Ini adalah kelanjutan Story Blog Tour Romance/Angst OWOP II. Sebenernya gue udah berusaha buat memikirkan angst dengan sekuat tenaga, tapi kok roman-romannya malah mengarah ke genre lain. Maafkan ya, ini gara-gara yang atas #tunjukyangnulisepisodeawal-awal #laludigaplok. Semoga yang bawah-bawah porsi angst-nya bisa diperbanyak ya, Mohon kerjasamanya... #Bow #lalukabur
Episode sebelumnya.
Chapter 1 - Luka Elisa (Nifa)
Episode sebelumnya.
Chapter 1 - Luka Elisa (Nifa)
Chapter 5, Cekidot!
TEMAN BARU
Elisa masuk ke rumahnya dengan ragu. Dia melihat si Bibi
sedang membersihkan sisa-sisa keributan yang terjadi tadi siang di rumahnya.
“Non...” Bibi akhirnya menyadari kedatangan Elisa.
“Mereka... bener...” kata Elisa terputus-putus.

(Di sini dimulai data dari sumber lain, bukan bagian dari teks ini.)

definition connected_graph :: "'a set \<Rightarrow> 'a set set \<Rightarrow> bool" where
  "connected_graph V E \<longleftrightarrow> V \<noteq> {} \<and>
     (\<forall>x\<in>V. \<forall>y\<in>V. (x, y) \<in> {(a, b). {a, b} \<in> E}\<^sup>*)"

definition bipartition :: "'a set \<Rightarrow> 'a set set \<Rightarrow> 'a set \<Rightarrow> 'a set \<Rightarrow> bool" where
  "bipartition V E U W \<longleftrightarrow> U \<inter> W = {} \<and> U \<union> W = V \<and>
     (\<forall>e\<in>E. \<exists>u\<in>U. \<exists>w\<in>W. e = {u, w})"

definition chain_graph :: "'a set \<Rightarrow> 'a set set \<Rightarrow> bool" where
  "chain_graph V E \<longleftrightarrow> simple_graph V E \<and>
     (\<exists>U W. bipartition V E U W \<and>
        (\<exists>us. distinct us \<and> set us = U \<and>
           (\<forall>i j. i \<le> j \<and> j < length us \<longrightarrow> nbhd V E (us ! i) \<subseteq> nbhd V E (us ! j))))"

definition is_tree_in :: "'a set \<Rightarrow> 'a set set \<Rightarrow> 'a set \<Rightarrow> 'a set set \<Rightarrow> bool" where
  "is_tree_in V E VT ET \<longleftrightarrow> VT \<subseteq> V \<and> ET \<subseteq> E \<and> (\<forall>e\<in>ET. e \<subseteq> VT) \<and>
     connected_graph VT ET \<and> card ET + 1 = card VT"

definition proper_edges :: "('a set \<Rightarrow> nat) \<Rightarrow> 'a set set \<Rightarrow> bool" where
  "proper_edges c ET \<longleftrightarrow>
     (\<forall>e1\<in>ET. \<forall>e2\<in>ET. e1 \<noteq> e2 \<and> e1 \<inter> e2 \<noteq> {} \<longrightarrow> c e1 \<noteq> c e2)"
text \<open>Edges \<open>D T\<close> of total excess \<open>\<Sum>(|D T| - 1) < |C| - 1\<close> cannot connect the vertex set \<open>C\<close>.
  Induction on the number of edges, contracting one edge to a point.\<close>
lemma exists_separating_subset:
  assumes "finite F" "finite C" "\<forall>T\<in>F. D T \<subseteq> C \<and> D T \<noteq> {}"
    "(\<Sum>T\<in>F. card (D T) - 1) + 1 < card C"
  shows "\<exists>J. J \<subseteq> C \<and> J \<noteq> {} \<and> J \<noteq> C \<and> (\<forall>T\<in>F. D T \<subseteq> J \<or> D T \<inter> J = {})"
  using assms
proof (induction F arbitrary: C D rule: finite_induct)
  case empty
  then have "card C \<ge> 2" by simp
  then obtain c where "c \<in> C" by (metis all_not_in_conv card.empty not_numeral_le_zero)
  moreover have "{c} \<noteq> C" using \<open>card C \<ge> 2\<close> by auto
  ultimately show ?case by (intro exI[of _ "{c}"]) auto
next
  case (insert T F)
  have DT: "D T \<subseteq> C" "D T \<noteq> {}" using insert.prems by auto
  then obtain d where d: "d \<in> D T" by auto
  define \<phi> where "\<phi> c = (if c \<in> D T then d else c)" for c
  have "card (\<phi> ` C) = card C - card (D T) + 1"
    unfolding \<phi>_def using insert.prems(1) DT(1) d by (rule card_collapse_image)
  moreover have "finite (D T)" using DT(1) insert.prems(1) finite_subset by blast
  then have "card (D T) \<le> card C" "card (D T) \<noteq> 0"
    using DT insert.prems(1) card_mono by auto
  moreover have "card (\<phi> ` D U) - 1 \<le> card (D U) - 1" if "U \<in> F" for U
    using insert.prems(1,2) that card_image_le[of "D U" \<phi>] finite_subset by fastforce
  then have "(\<Sum>U\<in>F. card (\<phi> ` D U) - 1) \<le> (\<Sum>U\<in>F. card (D U) - 1)" by (rule sum_mono)
  ultimately have "(\<Sum>U\<in>F. card (\<phi> ` D U) - 1) + 1 < card (\<phi> ` C)"
    using insert.prems(3) insert.hyps by simp
  moreover have "\<forall>U\<in>F. \<phi> ` D U \<subseteq> \<phi> ` C \<and> \<phi> ` D U \<noteq> {}" using insert.prems by auto
  ultimately obtain J' where J': "J' \<subseteq> \<phi> ` C" "J' \<noteq> {}" "J' \<noteq> \<phi> ` C"
      "\<forall>U\<in>F. \<phi> ` D U \<subseteq> J' \<or> \<phi> ` D U \<inter> J' = {}"
    using insert.IH[of "\<phi> ` C" "\<lambda>U. \<phi> ` D U"] insert.prems(1) by auto
  define J where "J = {c \<in> C. \<phi> c \<in> J'}"
  have "J \<noteq> {}" "J \<noteq> C" using J'(1-3) unfolding J_def by auto
  moreover have "D U \<subseteq> J \<or> D U \<inter> J = {}" if "U \<in> insert T F" for U
  proof (cases "U = T")
    case True
    then show ?thesis using DT unfolding J_def \<phi>_def by (cases "d \<in> J'") auto
  next
    case False
    then show ?thesis using that J'(4) insert.prems(2) unfolding J_def by blast
  qed
  moreover have "J \<subseteq> C" unfolding J_def by blast
  ultimately show ?case by (intro exI[of _ J]) blast
qed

“Iya, Non. Tadi sih awalnya Bapak yang pergi, tapi nggak
lama setelah itu Ibu juga keluar rumah, Non. Mobilnya juga nggak ada kan?” Si
Bibi dengan lemah lembut menenangkan Elisa. Meskipun kelihatannya Elisa
baik-baik saja, tidak bisa dipungkiri ekspresi wajahnya menyiratkan sedikit
ketakutan dan kekhawatiran.
“Non...” Bibi memandangi perban yang menyembul di sweater
lengan panjangnya Elisa, tapi dengan cepat Elisa menyembunyikannya. Tadi Tezar
sempat membantu Elisa untuk mengobati luka-lukanya sebelum akhirnya membawa
Elisa ke Dufan.
“Yaudah, Bi. Aku ke kamar ya.” Elisa pun pergi ke kamarnya
meninggalkan si Bibi yang terlihat khawatir. Bukan hal baru Bibi mendapati luka
atau bekas luka di tangan Elisa, namun kalau ditanya Elisa selalu mengelaknya. Karena
itulah Bibi menyimpulkan kalau Elisa tidak mau mengusik masalah lukanya itu.
--
“Hai,
El...” Pagi hari ketika Elisa berjalan ke arah ruang kelasnya ada seseorang
yang sejak tadi menunggu di depan pintu kelas. Ya, Tezar. Betapa beruntungnya
dia memiliki sahabat seperti Tezar yang selalu ada dan selalu menyayanginya
tanpa mengharap pamrih.
“Hai...”
balasnya, tersenyum lemah. Memang tidak ada keributan lagi tadi pagi di rumah
Elisa, namun kondisinya tidak lebih baik dari kemarin. Bahkan Elisa menghindari
sarapan bersama orangtuanya.
“Udah
makan? Kok lemes gitu.” Tezar menghampirinya seraya mencubit pipi pucat Elisa
dengan gemas. “Mau gue traktir apa?”
Elisa
menggembungkan pipinya lalu tertawa pelan, “Belagu, ujung-ujungnya juga beli
bakwan doang.”
“Bakwan
itu nutrisinya oke lho, kan banyak sayuran yang masuk di dalamnya.”
“Ih,
sana makan bakwan seumur hidup lo!” Elisa memukul pelan lengan Tezar sebelum
akhirnya mereka tertawa lepas. Siapa yang tidak menyangsikan kalau kedekatan
Elisa dan Tezar hanya sebatas teman? Mereka begitu akrab layaknya pasangan muda
pada umumnya. Semua yang melihat pasti sependapat dengan itu, tak terkecuali
Alya yang sedari tadi melihat mereka dari kejauhan.
Tangan
Alya mengepal, tersirat kebencian yang begitu mendalam di matanya. Dan detik
itu juga Alya sudah memutuskan sesuatu. Hal yang menghantui pikirannya
akhir-akhir ini.
--
Setelah
istirahat makan siang bersama Tezar di kantin, Elisa pamit kepada Tezar untuk
pergi ke toilet dan kembali ke kelas terlebih dulu. Siang ini Elisa merasakan
kekuatannya berangsur pulih, dia seperti mendapati kembali cahaya yang
menerangi hidupnya. Dan harus Elisa akui sebagian besar berkat Tezar. Peran
Tezar dalam hidup Elisa memang sangat besar.
Elisa
tersenyum tipis di depan cermin kamar mandi sekolah dan mulai membasuh tangannya.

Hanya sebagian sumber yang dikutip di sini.